Collection entries:
···

(* Let $\kappa\ge0$, $\alpha\ge0$, $p,q\in[1,\infty]$, $\varepsilon,\widehat\varepsilon\ge0$, training points $(\boldsymbol x^i,y^i)$, $i\in[N]$, and auxiliary points $(\widehat{\boldsymbol x}^j,\widehat y^j)$, $j\in[\widehat N]$, be given. Consider the convex program (Inter-ARO$^\star$): $$\inf\ \varepsilon\lambda+\widehat\varepsilon\widehat\lambda+\frac1N\sum_{i=1}^N s_i+\frac1{\widehat N}\sum_{j=1}^{\widehat N}\widehat s_j$$ over $\boldsymbol\beta\in\mathbb{R}^n$, $\lambda\ge0$, $\widehat\lambda\ge0$, $\boldsymbol s\in\mathbb{R}^N_+$, $\widehat{\boldsymbol s}\in\mathbb{R}^{\widehat N}_+$, $\boldsymbol z^{l}_{ij}\in\mathbb{R}^n$ for $(i,j,l)\in[N]\times[\widehat N]\times\{-1,1\}$, subject to, for all $(i,j,l)\in[N]\times[\widehat N]\times\{-1,1\}$: $$L^\alpha\big(l\,\boldsymbol\beta^\top\boldsymbol x^i+(\boldsymbol z^l_{ij})^\top(\widehat{\boldsymbol x}^j-\boldsymbol x^i)\big)\le s_i+\frac{\kappa(1-ly^i)}2\lambda+\widehat s_j+\frac{\kappa(1-l\widehat y^j)}2\widehat\lambda,$$ $$\|l\boldsymbol\beta-\boldsymbol z^l_{ij}\|_{q^\star}\le\lambda,\qquad \|\boldsymbol z^l_{ij}\|_{q^\star}\le\widehat\lambda,$$ where $L^\alpha(z)=\log(1+\exp(-z+\alpha\|\boldsymbol\beta\|_{p^\star}))$. Then for every feasible point $(\boldsymbol\beta,\lambda,\widehat\lambda,\boldsymbol s,\widehat{\boldsymbol s},(\boldsymbol z^l_{ij}))$ of this program, $(\boldsymbol\beta,\lambda,\widehat\lambda,\boldsymbol s,\widehat{\boldsymbol s})$ satisfies all constraints of the semi-infinite program $$\sup_{\boldsymbol x\in\mathbb{R}^n}\{\ell^\alpha_{\boldsymbol\beta}(\boldsymbol x,l)-\lambda\|\boldsymbol x^i-\boldsymbol x\|_q-\widehat\lambda\|\widehat{\boldsymbol x}^j-\boldsymbol x\|_q\}\le s_i+\tfrac{\kappa(1-ly^i)}{2}\lambda+\widehat s_j+\tfrac{\kappa(1-l\widehat y^j)}{2}\widehat\lambda\ \ \forall (i,j,l),$$ and $\mathbb{E}_{\mathbb{Q}}[\ell^\alpha_{\boldsymbol\beta}(\boldsymbol x,y)]\le\varepsilon\lambda+\widehat\varepsilon\widehat\lambda+\frac1N\sum_i s_i+\frac1{\widehat N}\sum_j\widehat s_j$ for every $\mathbb{Q}\in\mathfrak B_\varepsilon(\mathbb{P}_N)\cap\mathfrak B_{\widehat\varepsilon}(\widehat{\mathbb{P}}_{\widehat N})$. In particular the optimal value of Inter-ARO$^\star$ is at least the optimal value of (Inter-ARO) $\inf_{\boldsymbol\beta}\sup_{\mathbb{Q}\in\mathfrak B_\varepsilon(\mathbb{P}_N)\cap\mathfrak B_{\widehat\varepsilon}(\widehat{\mathbb{P}}_{\widehat N})}\mathbb{E}_{\mathbb{Q}}[\ell^\alpha_{\boldsymbol\beta}(\boldsymbol x,y)]$.
   Context: $1/p+1/p^\star=1$, $1/q+1/q^\star=1$. $\ell^\alpha_{\boldsymbol\beta}(\boldsymbol x,y)=\log(1+\exp(-y\boldsymbol\beta^\top\boldsymbol x+\alpha\|\boldsymbol\beta\|_{p^\star}))=L^\alpha(y\boldsymbol\beta^\top\boldsymbol x)$. $\Xi=\mathbb{R}^n\times\{-1,+1\}$ with metric $d((\boldsymbol x,y),(\boldsymbol x',y'))=\|\boldsymbol x-\boldsymbol x'\|_q+\kappa\mathbb 1[y\ne y']$; $\mathrm W$ is the induced type-1 Wasserstein distance on Borel probability measures with finite first moment; $\mathfrak B_\varepsilon(\mathbb{P})=\{\mathbb{Q}:\mathrm W(\mathbb{Q},\mathbb{P})\le\varepsilon\}$; $\mathbb{P}_N=\frac1N\sum_i\delta_{(\boldsymbol x^i,y^i)}$, $\widehat{\mathbb{P}}_{\widehat N}=\frac1{\widehat N}\sum_j\delta_{(\widehat{\boldsymbol x}^j,\widehat y^j)}$. The supremum over an empty set is $-\infty$. *)

theory Defs
  imports "HOL-Probability.Probability"
begin

definition pnorm :: "ereal \<Rightarrow> real ^ 'n \<Rightarrow> real" where
  "pnorm p x = (if p = \<infinity> then Max (range (\<lambda>i. \<bar>x $ i\<bar>))
                else (\<Sum>i\<in>UNIV. \<bar>x $ i\<bar> powr real_of_ereal p) powr (1 / real_of_ereal p))"

definition conj_exp :: "ereal \<Rightarrow> ereal" where
  "conj_exp p = (if p = 1 then \<infinity> else if p = \<infinity> then 1
                 else ereal (real_of_ereal p / (real_of_ereal p - 1)))"

definition Lalpha :: "real \<Rightarrow> ereal \<Rightarrow> real ^ 'n \<Rightarrow> real \<Rightarrow> real" where
  "Lalpha \<alpha> p \<beta> z = ln (1 + exp (- z + \<alpha> * pnorm (conj_exp p) \<beta>))"

definition loss :: "real \<Rightarrow> ereal \<Rightarrow> real ^ 'n \<Rightarrow> real ^ 'n \<Rightarrow> real \<Rightarrow> real" where
  "loss \<alpha> p \<beta> x y = Lalpha \<alpha> p \<beta> (y * (\<beta> \<bullet> x))"

definition Xi :: "((real ^ 'n) \<times> real) set" where
  "Xi = UNIV \<times> {-1, 1}"

definition dXi :: "real \<Rightarrow> ereal \<Rightarrow> ((real ^ 'n) \<times> real) \<Rightarrow> ((real ^ 'n) \<times> real) \<Rightarrow> real" where
  "dXi \<kappa> q u v = pnorm q (fst u - fst v) + \<kappa> * (if snd u \<noteq> snd v then 1 else 0)"

definition P1 :: "real \<Rightarrow> ereal \<Rightarrow> ((real ^ 'n) \<times> real) measure set" where
  "P1 \<kappa> q = {Q. sets Q = sets borel \<and> prob_space Q \<and> (AE u in Q. u \<in> Xi) \<and>
      (\<exists>u0\<in>Xi. (\<integral>\<^sup>+ u. ennreal (dXi \<kappa> q u u0) \<partial>Q) < \<infinity>)}"

definition couplings :: "((real ^ 'n) \<times> real) measure \<Rightarrow> ((real ^ 'n) \<times> real) measure
     \<Rightarrow> (((real ^ 'n) \<times> real) \<times> ((real ^ 'n) \<times> real)) measure set" where
  "couplings Q P = {\<pi>. sets \<pi> = sets borel \<and> prob_space \<pi> \<and>
      distr \<pi> borel fst = Q \<and> distr \<pi> borel snd = P}"

definition wass :: "real \<Rightarrow> ereal \<Rightarrow> ((real ^ 'n) \<times> real) measure \<Rightarrow> ((real ^ 'n) \<times> real) measure \<Rightarrow> ennreal" where
  "wass \<kappa> q Q P = (INF \<pi>\<in>couplings Q P. \<integral>\<^sup>+ w. ennreal (dXi \<kappa> q (fst w) (snd w)) \<partial>\<pi>)"

definition wball :: "real \<Rightarrow> ereal \<Rightarrow> real \<Rightarrow> ((real ^ 'n) \<times> real) measure \<Rightarrow> ((real ^ 'n) \<times> real) measure set" where
  "wball \<kappa> q \<epsilon> P = {Q \<in> P1 \<kappa> q. wass \<kappa> q Q P \<le> ennreal \<epsilon>}"

definition empirical :: "nat \<Rightarrow> (nat \<Rightarrow> real ^ 'n) \<Rightarrow> (nat \<Rightarrow> real) \<Rightarrow> ((real ^ 'n) \<times> real) measure" where
  "empirical N xs ys = distr (uniform_count_measure {..<N}) borel (\<lambda>i. (xs i, ys i))"

definition interARO_star_feasible ::
  "real \<Rightarrow> real \<Rightarrow> ereal \<Rightarrow> ereal \<Rightarrow> nat \<Rightarrow> (nat \<Rightarrow> real ^ 'n) \<Rightarrow> (nat \<Rightarrow> real) \<Rightarrow>
   nat \<Rightarrow> (nat \<Rightarrow> real ^ 'n) \<Rightarrow> (nat \<Rightarrow> real) \<Rightarrow>
   real ^ 'n \<Rightarrow> real \<Rightarrow> real \<Rightarrow> (nat \<Rightarrow> real) \<Rightarrow> (nat \<Rightarrow> real) \<Rightarrow>
   (nat \<Rightarrow> nat \<Rightarrow> real \<Rightarrow> real ^ 'n) \<Rightarrow> bool" where
  "interARO_star_feasible \<kappa> \<alpha> p q N xs ys Nh xhs yhs \<beta> lam lamh s sh z \<longleftrightarrow>
     lam \<ge> 0 \<and> lamh \<ge> 0 \<and> (\<forall>i<N. s i \<ge> 0) \<and> (\<forall>j<Nh. sh j \<ge> 0) \<and>
     (\<forall>i<N. \<forall>j<Nh. \<forall>l\<in>{-1, 1::real}.
        Lalpha \<alpha> p \<beta> (l * (\<beta> \<bullet> xs i) + z i j l \<bullet> (xhs j - xs i))
          \<le> s i + \<kappa> * (1 - l * ys i) / 2 * lam + sh j + \<kappa> * (1 - l * yhs j) / 2 * lamh \<and>
        pnorm (conj_exp q) (l *\<^sub>R \<beta> - z i j l) \<le> lam \<and>
        pnorm (conj_exp q) (z i j l) \<le> lamh)"

definition interARO_star_obj ::
  "real \<Rightarrow> real \<Rightarrow> nat \<Rightarrow> nat \<Rightarrow> real \<Rightarrow> real \<Rightarrow> (nat \<Rightarrow> real) \<Rightarrow> (nat \<Rightarrow> real) \<Rightarrow> real" where
  "interARO_star_obj \<epsilon> \<epsilon>h N Nh lam lamh s sh =
     \<epsilon> * lam + \<epsilon>h * lamh + (\<Sum>i<N. s i) / real N + (\<Sum>j<Nh. sh j) / real Nh"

···

Work request: Exactly the lines from the one containing "ereal \<Rightarrow> nat" through the final line above, and only those, should be given again.

Your response:
  "real \<Rightarrow> real \<Rightarrow> ereal \<Rightarrow> ereal \<Rightarrow> nat \<Rightarrow> (nat \<Rightarrow> real ^ 'n) \<Rightarrow> (nat \<Rightarrow> real) \<Rightarrow>
   nat \<Rightarrow> (nat \<Rightarrow> real ^ 'n) \<Rightarrow> (nat \<Rightarrow> real) \<Rightarrow>
   real ^ 'n \<Rightarrow> real \<Rightarrow> real \<Rightarrow> (nat \<Rightarrow> real) \<Rightarrow> (nat \<Rightarrow> real) \<Rightarrow>
   (nat \<Rightarrow> nat \<Rightarrow> real \<Rightarrow> real ^ 'n) \<Rightarrow> bool" where
  "interARO_star_feasible \<kappa> \<alpha> p q N xs ys Nh xhs yhs \<beta> lam lamh s sh z \<longleftrightarrow>
     lam \<ge> 0 \<and> lamh \<ge> 0 \<and> (\<forall>i<N. s i \<ge> 0) \<and> (\<forall>j<Nh. sh j \<ge> 0) \<and>
     (\<forall>i<N. \<forall>j<Nh. \<forall>l\<in>{-1, 1::real}.
        Lalpha \<alpha> p \<beta> (l * (\<beta> \<bullet> xs i) + z i j l \<bullet> (xhs j - xs i))
          \<le> s i + \<kappa> * (1 - l * ys i) / 2 * lam + sh j + \<kappa> * (1 - l * yhs j) / 2 * lamh \<and>
        pnorm (conj_exp q) (l *\<^sub>R \<beta> - z i j l) \<le> lam \<and>
        pnorm (conj_exp q) (z i j l) \<le> lamh)"

definition interARO_star_obj ::
  "real \<Rightarrow> real \<Rightarrow> nat \<Rightarrow> nat \<Rightarrow> real \<Rightarrow> real \<Rightarrow> (nat \<Rightarrow> real) \<Rightarrow> (nat \<Rightarrow> real) \<Rightarrow> real" where
  "interARO_star_obj \<epsilon> \<epsilon>h N Nh lam lamh s sh =
     \<epsilon> * lam + \<epsilon>h * lamh + (\<Sum>i<N. s i) / real N + (\<Sum>j<Nh. sh j) / real Nh"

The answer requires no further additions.